Robert Kelchen, who studies higher education at Seton Hall University, did some quick math and estimated that if Bowdoin slashed its food offerings it could admit just a few more low-income students — not enough to make a difference in the composition of the student body. But if every wealthy school began moving money out of amenities and into scholarships, it would make a difference to a lot of low-income students.

Of course, Gladwell’s focus on food, like his focus on Bowdoin, was arbitrary. He could have made the same argument about athletics facilities, landscaping, or swanky residence halls. You could ask, where do you stop? Should schools sell off the books in their libraries, auction off their buildings, and have students run naked through the forest so as to have more money to help the poor? Clearly not. There’s no need for asceticism, it’s over-the-top luxury that’s unseemly.

When we think about food in this country, we tend to think in binary terms — either junk food or slow food, McDonald’s or Chez Panisse. There’s a suspicion that if we aren’t getting our eggs from heritage chickens raised by liberal-arts majors, we’re probably eating unhealthy, planet-destroying food.

The truth is that there are plenty of other options. There’s what historian Rachel Laudan calls republican cuisine — not GOP Republican. It’s a culinary philosophy from the Roman Republic, before the time of Caesar. It emphasized humble, healthy, inexpensive food shared by laborers and patricians alike. Laudan writes that republicans thought that enticing sauces encouraged overeating and decadence. Instead, as Cicero said, “Hunger is the best sauce.” That is, if we’re willing to wait until we are hungry, an equitable meal can be every bit as delicious as a luxurious one.

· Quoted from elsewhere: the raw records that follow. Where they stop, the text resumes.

lemma mat_mult_mat: "mat (a::'a::semiring_1) ** (mat b :: 'a^'n^'n) = mat (a * b)"
  by (simp add: vec_eq_iff mat_matrix_mul_component) (simp add: mat_def)

lemma mat_add_mat: "mat (a::'a::monoid_add) + (mat b :: 'a^'n^'n) = mat (a + b)"
  by (simp add: mat_def vec_eq_iff)

lemma mat_mult_left_commute: "mat c ** ((M::'a::comm_semiring_1^'n^'n) ** X) = M ** (mat c ** X)"
proof -
  have "mat c ** (M ** X) = (mat c ** M) ** X"
    by (rule matrix_mul_assoc)
  also have "\<dots> = (M ** mat c) ** X"
    by (simp only: mat_mult_commute)
  also have "\<dots> = M ** (mat c ** X)"
    by (rule matrix_mul_assoc[symmetric])
  finally show ?thesis .
qed

lemma matrix_inverse_commute:
  fixes N D M :: "'a::semiring_1^'n^'n"
  assumes "N ** D = mat 1" and "D ** N = mat 1" and "N ** M = M ** N"
  shows "D ** M = M ** D"
proof -
  have "D ** M = D ** (M ** (N ** D))"
    by (simp add: assms(1))
  also have "\<dots> = D ** ((N ** M) ** D)"
    by (simp only: matrix_mul_assoc assms(3))
  also have "\<dots> = M ** D"
    by (simp only: matrix_mul_assoc assms(2) matrix_mul_lid)
  finally show ?thesis .
qed

lemma poly_mat_eq_sum:
  assumes "degree p \<le> N"
  shows "poly_mat p M = (\<Sum>i\<le>N. mat (coeff p i) ** mat_pow M i)"
  unfolding poly_mat_def using assms
  by (intro sum.mono_neutral_left) (auto simp: coeff_eq_0)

This republican cuisine is just one option. It’s appealing to promise that we can have mouthwatering food, gleaming new stadiums, and scholarships for all — it helps to preserve alliances. That’s good politics but bad policy. It results in the middle and upper classes getting their perks, while the working class gets bilked. Instead of glossing over tradeoffs, let’s scrutinize our options, then make choices with our eyes wide open.